# Duyuru > Ekonomi >  Elektrik faturalarını kabartan 5 neden

## ceyda

elektrik-faturasi.jpg
Sayacınızdaki Fabrika Hatasına Dikkat:
Elektrik sayaçlarındaki fabrika hatası elektrik faturalarını şişiriyor. Sayaçlarınızı kontrol ettirmekte fayda var. "Evde kiracı oturuyor. 3 yıldır elektrik faturalarını düzenli ödemiş. Elektrik sayacı fabrika hatalı olduğu için elektriği zamanında kiracıdan eksik kesmiş. Şimdi elektrik sayacı hatalı diye ikaz geliyor. 394 TL borç varmış ve 5 gün içinde ödenmezse elektriği keseceklermiş. Bir de müşteri temsilcisi 30 bin müşterinin başına bu durumun geldiğini söylüyor. Kilowatt hesaplaması yapıldı. Kiracı 1 yılda 373 Kilowatt ödemiş ama 1395 Kilowatt elektrik parası ödenmemiş. Elektrik sayacı fabrika hatalı olduğu için eksik hesaplamış. Dava açacağım?"
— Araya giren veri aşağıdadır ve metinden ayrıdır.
(* For every $\epsilon>0$ there is a constant $C(\epsilon)>0$ such that $R_4(n)\le C(\epsilon)\, n^{1/2+\epsilon}$ for all positive integers $n$.
   Context: For a positive integer $n$, $R_4(n)$ denotes the number of ordered quadruples $(x,y,z,w)$ of positive integers with $n = xyzw + x + y + z + w$. *)

theory Defs
  imports Complex_Main
begin

definition R4 :: "nat \<Rightarrow> nat" where
  "R4 n = card {(x, y, z, w). (0::nat) < x \<and> 0 < y \<and> 0 < z \<and> 0 < w \<and> n = x * y * z * w + x + y + z + w}"

end

theory Submission
  imports Defs "HOL-Computational_Algebra.Primes"
begin

text \<open>
  Since \<open>xy \<cdot> zw \<le> n\<close>, one of the products \<open>xy\<close>, \<open>zw\<close> is at most \<open>sqrt n\<close>; by the symmetry
  \<open>(x, y, z, w) \<mapsto> (z, w, x, y)\<close> it suffices to count the solutions with \<open>(xy)\<^sup>2 \<le> n\<close>,
  losing a factor 2. For fixed \<open>x, y\<close> the identity \<open>xy(n - x - y) + 1 = (xyz + 1)(xyw + 1)\<close>
  shows that \<open>z\<close> is determined by a divisor of a number below \<open>2n\<^sup>2\<close>, so there are
  \<open>O(n powr (2\<eta>))\<close> choices, while the pairs \<open>(x, y)\<close> with \<open>xy \<le> sqrt n\<close> number
  \<open>\<Sum>k \<le> sqrt n. d(k) = O(n powr (1/2 + \<eta>))\<close>. Both estimates rest on the divisor bound
  \<open>d(m) = O(m powr \<delta>)\<close>: in \<open>d(m) = \<Prod>\<^sub>p (a\<^sub>p + 1)\<close> a prime power \<open>p ^ a\<close> contributes
  \<open>a + 1 \<le> p powr (a\<delta>)\<close> once \<open>p \<ge> 2 powr (1/\<delta>)\<close>, and at most a constant times
  \<open>p powr (a\<delta>)\<close> otherwise. Taking \<open>\<eta> = \<epsilon>/3\<close> gives the claim.
\<close>

definition divisor_count :: "nat \<Rightarrow> nat" where
  "divisor_count m = card {d. d dvd m}"

lemma divisor_count_mult_le:
  assumes "0 < m" "0 < k"
  shows "divisor_count (m * k) \<le> divisor_count m * divisor_count k"
proof -
  have "{d. d dvd m * k} \<subseteq> (\<lambda>(u, v). u * v) ` ({u. u dvd m} \<times> {v. v dvd k})"
  proof
    fix d assume "d \<in> {d. d dvd m * k}"
    then obtain u v where "d = u * v" "u dvd m" "v dvd k"
      using division_decomp by blast
    then show "d \<in> (\<lambda>(u, v). u * v) ` ({u. u dvd m} \<times> {v. v dvd k})" by force
  qed
  hence "divisor_count (m * k) \<le> card ((\<lambda>(u, v). u * v) ` ({u. u dvd m} \<times> {v. v dvd k}))"
    unfolding divisor_count_def using assms by (intro card_mono) auto
  also have "\<dots> \<le> card ({u. u dvd m} \<times> {v. v dvd k})"
    by (rule card_image_le) (simp add: assms)
  finally show ?thesis
    by (simp add: divisor_count_def card_cartesian_product)
qed

lemma divisor_count_prime_power:
  assumes "prime p"
  shows "divisor_count (p ^ a) = a + 1"
proof -
  have "{d. d dvd p ^ a} = (\<lambda>i. p ^ i) ` {..a}"
    using divides_primepow_nat[OF assms] by auto
  moreover have "inj_on (\<lambda>i. p ^ i) {..a}"
    using prime_gt_1_nat[OF assms] by (auto intro: inj_onI)
  ultimately show ?thesis
    by (simp add: divisor_count_def card_image)
qed
lemma square_root_near:
  fixes X D :: complex
  shows "\<exists>w. w ^ 2 = X \<and> cmod (w - D) \<le> sqrt (cmod (X - D ^ 2))"
proof -
  define w where "w = (if cmod (csqrt X - D) \<le> cmod (csqrt X + D) then csqrt X else - csqrt X)"
  have closer: "cmod (w - D) \<le> cmod (w + D)"
  proof -
    have "cmod (- csqrt X - D) = cmod (csqrt X + D)" "cmod (- csqrt X + D) = cmod (csqrt X - D)"
      using norm_minus_cancel[of "csqrt X + D"] norm_minus_commute[of D "csqrt X"] by simp_all
    then show ?thesis
      by (auto simp: w_def)
  qed
  have "cmod (w - D) ^ 2 \<le> cmod (w - D) * cmod (w + D)"
    using closer by (simp add: power2_eq_square mult_left_mono)
  also have "\<dots> = cmod (w ^ 2 - D ^ 2)"
    by (simp add: norm_mult[symmetric] power2_eq_square algebra_simps)
  finally have "cmod (w - D) \<le> sqrt (cmod (w ^ 2 - D ^ 2))"
    by (rule real_le_rsqrt)
  moreover have "w ^ 2 = X"
    by (simp add: w_def)
  ultimately show ?thesis
    by auto
qed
Sayacınız Yanlış Okunuyor Olabilir:
Binlerce elektrik abonesinin elektrik sayacı hatalı ve eksik okunduğu için abonelere büyük meblağlarda borç çıkartılıyor. Faturalarınızı kontrol edin. "Sayacımız değiştirildi. Eski sayacımın üzerindeki endeks okunurken 20838 kwh okunması gerekirken sayaç turunu tamamlamadığı halde '0' rakamını '1' okuyarak 21838 kwh endeksi 326 TL olarak faturamıza yansıtmışlardır.Elektrik dağıtım şirketi evime ihbarname göndermiş 5 gün içinde faturanızı ödemezseniz elektriğinizi keseceğiz. Hatalı sayaç okuma işleminin düzeltilerek faturamın tekrar düzeltilmesini talep ediyorum."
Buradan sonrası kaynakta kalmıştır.